Configuration-related outages account for a significant share of cloud-native incidents — and they're the hardest to correlate because the cause and the symptom are separated by time and by system.

Alert Fatigue Meets Real Incident

Your monitoring fires 200+ alerts per day. Most are noise — brief CPU spikes, transient network blips, pods that auto-heal. Your on-call engineer has learned to glance at alerts and dismiss them.

Then one Tuesday at 3 AM, an alert fires that looks exactly like the usual noise: "Pod restart count elevated in namespace payments." Except this time, it's not auto-healing. The pods are stuck in CrashLoopBackOff because a dependency service silently changed its API contract. By the time someone actually investigates — 40 minutes later — customer-facing payments have been down for 35 of those minutes.

The post-mortem concludes with "we need better alerting." Six months later, the team has even more alerts, even more fatigue, and the same problem waiting to happen again.

According to the 2025 SRE Report, 40% of SRE teams handle 1-5 incidents per month, with alert fatigue consistently ranked as a top challenge. More alerts don't solve the problem — intelligence does.

The Toil Trap

Your team resolves 5 incidents this week. Each one required: logging into Cloud Console, cross-referencing 3 dashboards, reading 2 runbook pages, manually writing an RCA, and sending a Slack summary to stakeholders.
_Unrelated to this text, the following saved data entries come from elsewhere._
lemma abs_bernoulli_expectation_diff_le:
  assumes "\<forall>s\<in>S. 0 \<le> p s \<and> p s \<le> 1" "finite S"
    and "\<And>c. c \<in> PiE S (\<lambda>_. {0,1}) \<Longrightarrow> \<bar>f c - g c\<bar> \<le> d"
  shows "\<bar>bernoulli_expectation S p f - bernoulli_expectation S p g\<bar> \<le> d"
proof -
  have "\<bar>bernoulli_expectation S p f - bernoulli_expectation S p g\<bar>
      \<le> bernoulli_expectation S p (\<lambda>c. \<bar>f c - g c\<bar>)"
    unfolding bernoulli_expectation_diff[symmetric] by (rule abs_bernoulli_expectation_le[OF assms(1)])
  also have "\<dots> \<le> bernoulli_expectation S p (\<lambda>_. d)"
    using assms(1,3) by (rule bernoulli_expectation_mono)
  finally show ?thesis
    using assms(2) by (simp add: bernoulli_expectation_const)
qed

lemma square_bernoulli_expectation_le:
  assumes "\<forall>s\<in>S. 0 \<le> p s \<and> p s \<le> 1" "finite S"
  shows "(bernoulli_expectation S p f)^2 \<le> bernoulli_expectation S p (\<lambda>c. (f c)^2)"
proof -
  define m where "m = bernoulli_expectation S p f"
  have "0 \<le> bernoulli_expectation S p (\<lambda>c. (f c - m)^2)"
    by (rule bernoulli_expectation_nonneg[OF assms]) simp
  also have "bernoulli_expectation S p (\<lambda>c. (f c - m)^2)
           = bernoulli_expectation S p (\<lambda>c. (f c)^2 + (-2 * m) * f c + m^2)"
    by (simp add: power2_eq_square algebra_simps)
  also have "\<dots> = bernoulli_expectation S p (\<lambda>c. (f c)^2) - m^2"
    by (simp only: bernoulli_expectation_add bernoulli_expectation_cmult
        bernoulli_expectation_const[OF assms(2)] m_def) (simp add: power2_eq_square)
  finally show ?thesis by (simp add: m_def)
qed

lemma bernoulli_expectation_of_bool_less_le:
  assumes "\<forall>s\<in>S. 0 \<le> p s \<and> p s \<le> 1" "0 \<le> l"
  shows "bernoulli_expectation S p (\<lambda>c. of_bool (t < h c))
       \<le> exp (- l * t) * bernoulli_expectation S p (\<lambda>c. exp (l * h c))"
proof -
  have "of_bool (t < h c) \<le> exp (- l * t) * exp (l * h c)" for c
  proof (cases "t < h c")
    case True
    then have "0 \<le> - l * t + l * h c"
      using assms(2) by (simp add: mult_left_mono algebra_simps)
    then show ?thesis by (simp add: exp_add[symmetric])
  qed simp
  then show ?thesis
    by (subst bernoulli_expectation_cmult[symmetric]) (rule bernoulli_expectation_mono[OF assms(1)])
qed

lemma bernoulli_expectation_of_bool_Bex_le:
  fixes \<epsilon> :: real
  assumes "\<forall>s\<in>S. 0 \<le> p s \<and> p s \<le> 1" "finite I"
    and "\<And>i. i \<in> I \<Longrightarrow> bernoulli_expectation S p (\<lambda>c. of_bool (P i c)) \<le> \<epsilon>"
  shows "bernoulli_expectation S p (\<lambda>c. of_bool (\<exists>i\<in>I. P i c)) \<le> card I * \<epsilon>"
proof -
  have "of_bool (\<exists>i\<in>I. P i c) \<le> (\<Sum>i\<in>I. of_bool (P i c) :: real)" for c
  proof (cases "\<exists>i\<in>I. P i c")
    case True
    then obtain i where "i \<in> I" "P i c" by blast
    then have "of_bool (P i c) \<le> (\<Sum>i\<in>I. of_bool (P i c) :: real)"
      using assms(2) by (intro member_le_sum) auto
    then show ?thesis using \<open>P i c\<close> True by simp
  qed (simp add: sum_nonneg)
  then have "bernoulli_expectation S p (\<lambda>c. of_bool (\<exists>i\<in>I. P i c))
           \<le> (\<Sum>i\<in>I. bernoulli_expectation S p (\<lambda>c. of_bool (P i c)))"
    by (subst bernoulli_expectation_sum[symmetric]) (rule bernoulli_expectation_mono[OF assms(1)])
  also have "\<dots> \<le> card I * \<epsilon>"
    using assms(3) by (rule sum_bounded_above)
  finally show ?thesis .
qed

section \<open>Concentration for sums of independent centred vectors\<close>

lemma exp_le_quadratic:
  fixes u :: real
  assumes "\<bar>u\<bar> \<le> 1"
  shows "exp u \<le> 1 + u + u^2"
proof (cases "u \<ge> 0")
  case True
  then show ?thesis using exp_bound[of u] assms by simp
next
  case False
  define v where "v = -u"
  have v: "0 < v" "v \<le> 1" using False assms by (auto simp: v_def)
  have "exp u \<le> 1 / (1 + v)"
    using exp_ge_add_one_self[of v] v by (simp add: v_def exp_minus field_simps)
  also have "\<dots> \<le> 1 - v + v^2"
  proof -
    have "1 \<le> (1 - v + v^2) * (1 + v)"
      using v by (simp add: algebra_simps power2_eq_square power3_eq_cube)
    then show ?thesis using v by (simp add: field_simps)
  qed
  finally show ?thesis by (simp add: v_def)
qed

lemma bernoulli_centred_mgf_le:
  fixes p l \<delta> :: real
  assumes "0 \<le> p" "p \<le> 1" "\<bar>l * \<delta>\<bar> \<le> 1"
  shows "(1 - p) * exp (l * (- p * \<delta>)) + p * exp (l * ((1 - p) * \<delta>)) \<le> exp (l^2 * p * \<delta>^2)"
proof -
  have small: "\<bar>l * (q * \<delta>)\<bar> \<le> 1" if "\<bar>q\<bar> \<le> 1" for q
  proof -
    have "\<bar>l * (q * \<delta>)\<bar> = \<bar>q\<bar> * \<bar>l * \<delta>\<bar>" by (simp add: abs_mult)
    also have "\<dots> \<le> 1 * 1" using that assms by (intro mult_mono) auto
    finally show ?thesis by simp
  qed
  have "(1 - p) * exp (l * (- p * \<delta>)) + p * exp (l * ((1 - p) * \<delta>))
     \<le> (1 - p) * (1 + l * (- p * \<delta>) + (l * (- p * \<delta>))^2)
       + p * (1 + l * ((1 - p) * \<delta>) + (l * ((1 - p) * \<delta>))^2)"
    using assms small[of "-p"] small[of "1 - p"]
    by (intro add_mono mult_left_mono exp_le_quadratic) auto
  also have "\<dots> = 1 + l^2 * \<delta>^2 * (p * (1 - p))"
    by (simp add: algebra_simps power2_eq_square)
  also have "\<dots> \<le> 1 + l^2 * p * \<delta>^2"
    using assms by (simp add: mult_left_mono algebra_simps)
  also have "\<dots> \<le> exp (l^2 * p * \<delta>^2)"
    by (rule exp_ge_add_one_self)
  finally show ?thesis .
qed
The incidents took 30 minutes to diagnose. The paperwork took 90 minutes. By Friday, your senior SRE has spent more time documenting incidents than preventing them. And the RCA from the 3 AM Wednesday incident? It's three sentences because the engineer was exhausted. The one from Thursday afternoon is two pages. Neither is useful for the next person who sees the same failure.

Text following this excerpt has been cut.